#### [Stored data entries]

- - -

lemma card_ksubsets_supset:
  assumes J: "J \<subseteq> {..<n}" "card J \<le> m"
  shows "card {I \<in> ksubsets n m. J \<subseteq> I} = (n - card J) choose (m - card J)"
proof -
  have fJ: "finite J" using J finite_subset by blast
  have "bij_betw (\<lambda>I. I - J) {I \<in> ksubsets n m. J \<subseteq> I}
          {K. K \<subseteq> {..<n} - J \<and> card K = m - card J}"
  proof (rule bij_betw_byWitness[where f'="\<lambda>K. K \<union> J"])
    show "(\<lambda>I. I - J) ` {I \<in> ksubsets n m. J \<subseteq> I} \<subseteq> {K. K \<subseteq> {..<n} - J \<and> card K = m - card J}"
      using fJ by (auto intro!: card_Diff_subset)
    show "(\<lambda>K. K \<union> J) ` {K. K \<subseteq> {..<n} - J \<and> card K = m - card J} \<subseteq> {I \<in> ksubsets n m. J \<subseteq> I}"
    proof
      fix X assume "X \<in> (\<lambda>K. K \<union> J) ` {K. K \<subseteq> {..<n} - J \<and> card K = m - card J}"
      then obtain K where K: "K \<subseteq> {..<n} - J" "card K = m - card J" and X: "X = K \<union> J" by auto
      have "card (K \<union> J) = card K + card J"
        using K fJ finite_subset[OF K(1)] by (subst card_Un_disjoint) auto
      then show "X \<in> {I \<in> ksubsets n m. J \<subseteq> I}" using K J X by auto
    qed
  qed auto
  then have "card {I \<in> ksubsets n m. J \<subseteq> I} = card {K. K \<subseteq> {..<n} - J \<and> card K = m - card J}"
    by (rule bij_betw_same_card)
  also have "\<dots> = card ({..<n} - J) choose (m - card J)"
    by (rule n_subsets) auto
  also have "card ({..<n} - J) = n - card J"
    using J fJ by (simp add: card_Diff_subset)
  finally show ?thesis .
qed
lemma resolvent_sum:
  assumes \<alpha>: "0 < \<alpha>" and S: "finite S" and G: "\<And>i. i \<in> S \<Longrightarrow> continuous_on {a..b} (G i)"
  shows "resolvent a b f \<alpha> (\<lambda>z. \<Sum>i\<in>S. c i * G i z) = (\<lambda>z. \<Sum>i\<in>S. c i * resolvent a b f \<alpha> (G i) z)"
proof (rule resolvent_eqI[OF \<alpha>])
  show "continuous_on {a..b} (\<lambda>z. \<Sum>i\<in>S. c i * G i z)" by (intro continuous_intros G)
  have Rc: "\<And>i. i \<in> S \<Longrightarrow> continuous_on {a..b} (resolvent a b f \<alpha> (G i))" by (rule continuous_on_resolvent[OF \<alpha> G])
  show "continuous_on {a..b} (\<lambda>z. \<Sum>i\<in>S. c i * resolvent a b f \<alpha> (G i) z)" by (intro continuous_intros Rc)
  show "\<And>z. z \<notin> {a..b} \<Longrightarrow> (\<Sum>i\<in>S. c i * resolvent a b f \<alpha> (G i) z) = 0"
    using resolvent_outside[OF \<alpha> G] by simp
  fix z assume z: "z \<in> {a..b}"
  have "gram (\<lambda>z. \<Sum>i\<in>S. c i * resolvent a b f \<alpha> (G i) z) z = (\<Sum>i\<in>S. c i * gram (resolvent a b f \<alpha> (G i)) z)"
    by (rule gram_sum[OF S Rc])
  then show "\<alpha> * (\<Sum>i\<in>S. c i * resolvent a b f \<alpha> (G i) z) + gram (\<lambda>z. \<Sum>i\<in>S. c i * resolvent a b f \<alpha> (G i) z) z
      = (\<Sum>i\<in>S. c i * G i z)"
  proof -
    have e: "G i z = \<alpha> * resolvent a b f \<alpha> (G i) z + gram (resolvent a b f \<alpha> (G i)) z" if "i \<in> S" for i
      using resolvent_equation[OF \<alpha> G[OF that] z] by simp
    have "(\<Sum>i\<in>S. c i * G i z) = (\<Sum>i\<in>S. \<alpha> * (c i * resolvent a b f \<alpha> (G i) z) + c i * gram (resolvent a b f \<alpha> (G i)) z)"
      by (rule sum.cong) (auto simp: e algebra_simps)
    then show ?thesis unfolding \<open>gram _ z = _\<close> by (simp add: sum.distrib sum_distrib_left)
  qed
qed

lemma resolvent_lincomb:
  assumes \<alpha>: "0 < \<alpha>" and u: "continuous_on {a..b} u" and v: "continuous_on {a..b} v"
  shows "resolvent a b f \<alpha> (\<lambda>z. c * u z + d * v z) = (\<lambda>z. c * resolvent a b f \<alpha> u z + d * resolvent a b f \<alpha> v z)"
proof (rule resolvent_eqI[OF \<alpha>])
  have Ru: "continuous_on {a..b} (resolvent a b f \<alpha> u)" by (rule continuous_on_resolvent[OF \<alpha> u])
  have Rv: "continuous_on {a..b} (resolvent a b f \<alpha> v)" by (rule continuous_on_resolvent[OF \<alpha> v])
  show "continuous_on {a..b} (\<lambda>z. c * u z + d * v z)" by (intro continuous_intros u v)
  show "continuous_on {a..b} (\<lambda>z. c * resolvent a b f \<alpha> u z + d * resolvent a b f \<alpha> v z)" by (intro continuous_intros Ru Rv)
  show "\<And>z. z \<notin> {a..b} \<Longrightarrow> c * resolvent a b f \<alpha> u z + d * resolvent a b f \<alpha> v z = 0"
    using resolvent_outside[OF \<alpha> u] resolvent_outside[OF \<alpha> v] by simp
  fix z assume z: "z \<in> {a..b}"
  show "\<alpha> * (c * resolvent a b f \<alpha> u z + d * resolvent a b f \<alpha> v z) + gram (\<lambda>z. c * resolvent a b f \<alpha> u z + d * resolvent a b f \<alpha> v z) z
     = c * u z + d * v z"
  proof -
    have e1: "u z = \<alpha> * resolvent a b f \<alpha> u z + gram (resolvent a b f \<alpha> u) z" using resolvent_equation[OF \<alpha> u z] by simp
    have e2: "v z = \<alpha> * resolvent a b f \<alpha> v z + gram (resolvent a b f \<alpha> v) z" using resolvent_equation[OF \<alpha> v z] by simp
    show ?thesis unfolding gram_lincomb[OF Ru Rv, of c d z] by (subst e1, subst e2) (simp add: algebra_simps)
  qed
qed

text \<open>By linearity \<open>\<nu>\<^sup>\<epsilon>\<^sub>2\<^sub>,\<^sub>n = n\<^sup>-\<^sup>1 \<Sum>\<^sub>i \<epsilon>\<^sub>i resolvent_kernel \<alpha> Y\<^sub>i\<close>; continuity of the kernel in \<open>y\<close>
  is what makes \<open>sup |\<nu>\<^sup>\<epsilon>\<^sub>2\<^sub>,\<^sub>n|\<close> measurable.\<close>

definition resolvent_kernel :: "real \<Rightarrow> real \<Rightarrow> real \<Rightarrow> real" where
  "resolvent_kernel \<alpha> y z = resolvent a b f \<alpha> (\<lambda>z. f (y - z)) z"

lemma continuous_on_f_shift: "continuous_on S (\<lambda>z. f (y - z))" by (intro continuous_intros)

lemma resolvent_kernel_hoelder:
  assumes \<alpha>: "0 < \<alpha>"
  shows "\<bar>resolvent_kernel \<alpha> y z - resolvent_kernel \<alpha> y' z\<bar> \<le> ((M + M * sqrt (b - a) * (sqrt (b - a) * M) / (2 * sqrt \<alpha>)) / \<alpha>) * \<bar>y - y'\<bar> powr s"
proof (cases "z \<in> {a..b}")
  case False
  then show ?thesis using resolvent_outside[OF \<alpha> continuous_on_f_shift] M0 ab \<alpha> by (simp add: resolvent_kernel_def)
next
  case z: True
  define g where "g = (\<lambda>z. 1 * f (y - z) + (-1) * f (y' - z))"
  have gc: "continuous_on {a..b} g" unfolding g_def by (intro continuous_intros)
  have gb: "\<bar>g x\<bar> \<le> M * \<bar>y - y'\<bar> powr s" for x using f_hoelder[of "y - x" "y' - x"] by (simp add: g_def)
  have "resolvent_kernel \<alpha> y z - resolvent_kernel \<alpha> y' z = resolvent a b f \<alpha> g z"
    unfolding resolvent_kernel_def g_def resolvent_lincomb[OF \<alpha> continuous_on_f_shift continuous_on_f_shift] by simp
  also have "\<bar>\<dots>\<bar> \<le> (\<bar>g z\<bar> + M * sqrt (b - a) * norm_ab g / (2 * sqrt \<alpha>)) / \<alpha>" by (rule abs_resolvent_le[OF \<alpha> gc z])
  also have "\<dots> \<le> (M * \<bar>y - y'\<bar> powr s + M * sqrt (b - a) * (sqrt (b - a) * (M * \<bar>y - y'\<bar> powr s)) / (2 * sqrt \<alpha>)) / \<alpha>"
    using gb norm_ab_le_sup[OF gc gb] M0 ab \<alpha>
    by (intro divide_right_mono add_mono mult_left_mono divide_right_mono) auto
  also have "\<dots> = ((M + M * sqrt (b - a) * (sqrt (b - a) * M) / (2 * sqrt \<alpha>)) / \<alpha>) * \<bar>y - y'\<bar> powr s"
    by (simp add: field_simps)
  finally show ?thesis .
qed
definition psi :: "(('a::ab_group_add \<times> 'b::ab_group_add) \<Rightarrow> ('a \<times> 'b) \<Rightarrow> ('a \<times> 'b) \<Rightarrow> ('a \<times> 'b)) \<Rightarrow> ('a \<times> 'b) \<Rightarrow> ('a \<times> 'b) \<Rightarrow> ('a \<times> 'b) \<Rightarrow> ('a \<times> 'b)" where
  "psi T = (\<lambda>(x,u) (y,v) (z,w).
     (fst (T (x,0) (y,0) (0,w)) + fst (T (0,u) (y,0) (z,0)) - fst (T (0,v) (x,0) (z,0)),
      snd (T (0,u) (0,v) (z,0)) + snd (T (x,0) (0,v) (0,w)) - snd (T (y,0) (0,u) (0,w))))"

definition mu2 :: "(('a::ab_group_add \<times> 'b::ab_group_add) \<Rightarrow> ('a \<times> 'b) \<Rightarrow> ('a \<times> 'b) \<Rightarrow> ('a \<times> 'b)) \<Rightarrow> ('a \<times> 'b) \<Rightarrow> ('a \<times> 'b) \<Rightarrow> ('a \<times> 'b) \<Rightarrow> ('a \<times> 'b)" where
  "mu2 T = (\<lambda>(x,u) (y,v) (z,w).
     (fst (T (0,u) (0,v) (z,0)) + fst (T (x,0) (0,v) (0,w)) - fst (T (y,0) (0,u) (0,w)),
      snd (T (0,u) (0,v) (0,w))))"

definition phi2 :: "(('a::zero \<times> 'b::zero) \<Rightarrow> ('a \<times> 'b) \<Rightarrow> ('a \<times> 'b) \<Rightarrow> ('a \<times> 'b)) \<Rightarrow> ('a \<times> 'b) \<Rightarrow> ('a \<times> 'b) \<Rightarrow> ('a \<times> 'b) \<Rightarrow> ('a \<times> 'b)" where
  "phi2 T = (\<lambda>(x,u) (y,v) (z,w). (fst (T (0,u) (0,v) (0,w)), 0))"

end

theory Submission
  imports Defs "HOL-Library.Function_Algebras"
begin

(* Give g1 weight 0 and g2 weight 1.  The component of bidegree (2 - k)|k of a 1-cochain sends
   arguments of total weight c to values of weight c - k, and phi1, mu1, psi, mu2, phi2 are exactly
   the components of Theta with k = -1, ..., 3 (this uses [x,x,y] = 0).  For 1-cochains
   [P,Q] = P o Q + Q o P, and P o Q has bidegree index the sum of those of P and Q.  Hence
   [Theta,Theta] = 2 Theta o Theta splits into the pieces sum_{i+j=m} Theta_i o Theta_j of pairwise
   distinct bidegree.  A multi-additive map vanishes as soon as it vanishes on homogeneous
   arguments, and there the pieces are told apart by the weight of their values; so
   [Theta,Theta] = 0 iff every piece vanishes.  The pieces m = -2 and m = 6 vanish identically,
   the other seven are the conditions of the proposition, whose factors 1/2 undo the doubling
   [P,P] = 2 P o P. *)

definition additive3 :: "('u::ab_group_add \<Rightarrow> 'u \<Rightarrow> 'u \<Rightarrow> 'w::ab_group_add) \<Rightarrow> bool" where
  "additive3 F \<longleftrightarrow> (\<forall>v w. additive (\<lambda>u. F u v w)) \<and> (\<forall>u w. additive (\<lambda>v. F u v w))
    \<and> (\<forall>u v. additive (\<lambda>w. F u v w))"

lemma additive3I:
  assumes "\<And>u u' v w. F (u + u') v w = F u v w + F u' v w"
    and "\<And>u v v' w. F u (v + v') w = F u v w + F u v' w"
    and "\<And>u v w w'. F u v (w + w') = F u v w + F u v w'"
  shows "additive3 F"
  using assms by (simp add: additive3_def additive_def)

definition additive5 :: "('u::ab_group_add \<Rightarrow> 'u \<Rightarrow> 'u \<Rightarrow> 'u \<Rightarrow> 'u \<Rightarrow> 'w::ab_group_add) \<Rightarrow> bool" where
  "additive5 E \<longleftrightarrow> (\<forall>u1 u2 u3 u4. additive (\<lambda>u0. E u0 u1 u2 u3 u4))
    \<and> (\<forall>u0 u2 u3 u4. additive (\<lambda>u1. E u0 u1 u2 u3 u4))
    \<and> (\<forall>u0 u1 u3 u4. additive (\<lambda>u2. E u0 u1 u2 u3 u4))
    \<and> (\<forall>u0 u1 u2 u4. additive (\<lambda>u3. E u0 u1 u2 u3 u4))
    \<and> (\<forall>u0 u1 u2 u3. additive (\<lambda>u4. E u0 u1 u2 u3 u4))"

lemma additive3_add:
  assumes "additive3 F"
  shows "F (u + u') v w = F u v w + F u' v w" "F u (v + v') w = F u v w + F u v' w"
    "F u v (w + w') = F u v w + F u v w'"
  using assms by (auto simp: additive3_def additive_def)

lemma additive3_zero:
  assumes "additive3 F"
  shows "F 0 v w = 0" "F u 0 w = 0" "F u v 0 = 0"
  using assms by (auto simp: additive3_def intro: additive.zero)

lemma additive3_plus: "additive3 F \<Longrightarrow> additive3 G \<Longrightarrow> additive3 (F + G)"
  by (simp add: additive3_def additive_def algebra_simps)

lemma additive3_if_trilinear: "trilinear S T \<Longrightarrow> additive3 T"
  unfolding trilinear_def additive3_def additive_def linear_iff_module_hom module_hom_iff
  by blast

lemma additive5_plus: "additive5 E \<Longrightarrow> additive5 E' \<Longrightarrow> additive5 (E + E')"
  by (simp add: additive5_def additive_def algebra_simps)

lemma shuffles_0_1: "shuffles 0 1 = {id}"
  by (auto simp: shuffles_def lessThan_Suc strict_mono_on_def)

lemma shuffles_1_2: "shuffles 1 2 = {id, transpose 0 1}"
proof -
  have "{..<2::nat} = {0, 1}" by auto
  then show ?thesis
    by (auto simp: shuffles_def permutes_doubleton_iff strict_mono_on_def)
qed

definition circ1 :: "('v \<Rightarrow> 'v \<Rightarrow> 'v \<Rightarrow> 'v::ab_group_add) \<Rightarrow> ('v \<Rightarrow> 'v \<Rightarrow> 'v \<Rightarrow> 'v)
    \<Rightarrow> 'v \<Rightarrow> 'v \<Rightarrow> 'v \<Rightarrow> 'v \<Rightarrow> 'v \<Rightarrow> 'v" where
  "circ1 P Q x0 y0 x1 y1 x =
     P (Q x0 y0 x1) y1 x + P x1 (Q x0 y0 y1) x + P x0 y0 (Q x1 y1 x) - P x1 y1 (Q x0 y0 x)"

lemma circ_ch1:
  assumes "module S"
  shows "circ S 1 1 (ch1 P) (ch1 Q) [(x0, y0), (x1, y1)] x = circ1 P Q x0 y0 x1 y1 x"
proof -
  have "transpose (0::nat) 1 \<noteq> id"
    by (metis id_apply transpose_apply_first zero_neq_one)
  moreover have "S (-1) v = - v" for v
    using module.scale_minus_left[OF assms, of 1] by (simp add: module.scale_one[OF assms])
  ultimately show ?thesis
    using shuffles_0_1 shuffles_1_2
    by (simp add: circ_def circ1_def ch1_def numeral_2_eq_2 sign_swap_id module.scale_one[OF assms])
qed

lemma brk_ch1:
  assumes "module S"
  shows "brk S 1 1 (ch1 P) (ch1 Q) [(x0, y0), (x1, y1)] x
    = circ1 P Q x0 y0 x1 y1 x + circ1 Q P x0 y0 x1 y1 x"
  using module.scale_minus_left[OF assms, of 1 "circ1 Q P x0 y0 x1 y1 x"]
  unfolding brk_def circ_ch1[OF assms] by (simp add: module.scale_one[OF assms])

lemma cochain_zero_2_iff:
  "cochain_zero 2 F \<longleftrightarrow> (\<forall>x0 y0 x1 y1 x. F [(x0, y0), (x1, y1)] x = 0)"
  by (auto simp: cochain_zero_def numeral_2_eq_2 length_Suc_conv)

lemma circ1_add_left: "circ1 (P + P') Q = circ1 P Q + circ1 P' Q"
  by (simp add: fun_eq_iff circ1_def algebra_simps)

lemma circ1_add_right: "additive3 P \<Longrightarrow> circ1 P (Q + Q') = circ1 P Q + circ1 P Q'"
  by (simp add: fun_eq_iff circ1_def additive3_add algebra_simps)

lemma additive5_circ1: "additive3 P \<Longrightarrow> additive3 Q \<Longrightarrow> additive5 (circ1 P Q)"
  by (simp add: additive5_def additive_def circ1_def additive3_add algebra_simps)

section \<open>Weights and bidegrees on a direct sum\<close>

definition weight_part :: "int \<Rightarrow> 'a::zero \<times> 'b::zero \<Rightarrow> 'a \<times> 'b" where
  "weight_part i v = (if i = 0 then (fst v, 0) else if i = 1 then (0, snd v) else 0)"

definition homogeneous :: "int \<Rightarrow> 'a::zero \<times> 'b::zero \<Rightarrow> bool" where
  "homogeneous i v \<longleftrightarrow> weight_part i v = v"

lemma homogeneous_iff:
  "homogeneous i v \<longleftrightarrow> i = 0 \<and> snd v = 0 \<or> i = 1 \<and> fst v = 0 \<or> v = 0"
  by (auto simp: homogeneous_def weight_part_def prod_eq_iff)

lemma homogeneous_add:
  fixes u v :: "'a::monoid_add \<times> 'b::monoid_add"
  shows "homogeneous i u \<Longrightarrow> homogeneous i v \<Longrightarrow> homogeneous i (u + v)"
  by (auto simp: homogeneous_def weight_part_def prod_eq_iff)

lemma homogeneous_diff:
  fixes u v :: "'a::ab_group_add \<times> 'b::ab_group_add"
  shows "homogeneous i u \<Longrightarrow> homogeneous i v \<Longrightarrow> homogeneous i (u - v)"
  by (auto simp: homogeneous_def weight_part_def prod_eq_iff)

lemma weight_part_zero [simp]: "weight_part i 0 = 0"
  by (simp add: weight_part_def zero_prod_def)

lemma weight_part_add:
  fixes u v :: "'a::monoid_add \<times> 'b::monoid_add"
  shows "weight_part i (u + v) = weight_part i u + weight_part i v"
  by (simp add: weight_part_def)

lemma weight_part_homogeneous:
  "homogeneous j v \<Longrightarrow> weight_part i v = (if i = j then v else 0)"
  by (auto simp: homogeneous_iff weight_part_def prod_eq_iff)

lemma homogeneous_weight_part: "homogeneous i (weight_part i v)"
  by (simp add: homogeneous_iff weight_part_def)

lemma weight_decomposition:
  fixes v :: "'a::monoid_add \<times> 'b::monoid_add"
  shows "v = weight_part 0 v + weight_part 1 v"
  by (simp add: weight_part_def)

lemma additive_vanishes_if_vanishes_on_homogeneous:
  fixes f :: "'a::ab_group_add \<times> 'b::ab_group_add \<Rightarrow> 'c::ab_group_add"
  assumes "additive f" and "\<And>i u. homogeneous i u \<Longrightarrow> f u = 0"
  shows "f v = 0"
  using additive.add[OF assms(1), of "weight_part 0 v" "weight_part 1 v"]
  by (simp flip: weight_decomposition add: assms(2)[OF homogeneous_weight_part])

- - -

#### [TASK TO CARRY OUT]
Within the entries above, find every line where the string "fixes" occurs, and copy it.

#### [REPLY]
  fixes u v :: "'a::monoid_add \<times> 'b::monoid_add"
  fixes u v :: "'a::ab_group_add \<times> 'b::ab_group_add"
  fixes u v :: "'a::monoid_add \<times> 'b::monoid_add"
  fixes v :: "'a::monoid_add \<times> 'b::monoid_add"
  fixes f :: "'a::ab_group_add \<times> 'b::ab_group_add \<Rightarrow> 'c::ab_group_add"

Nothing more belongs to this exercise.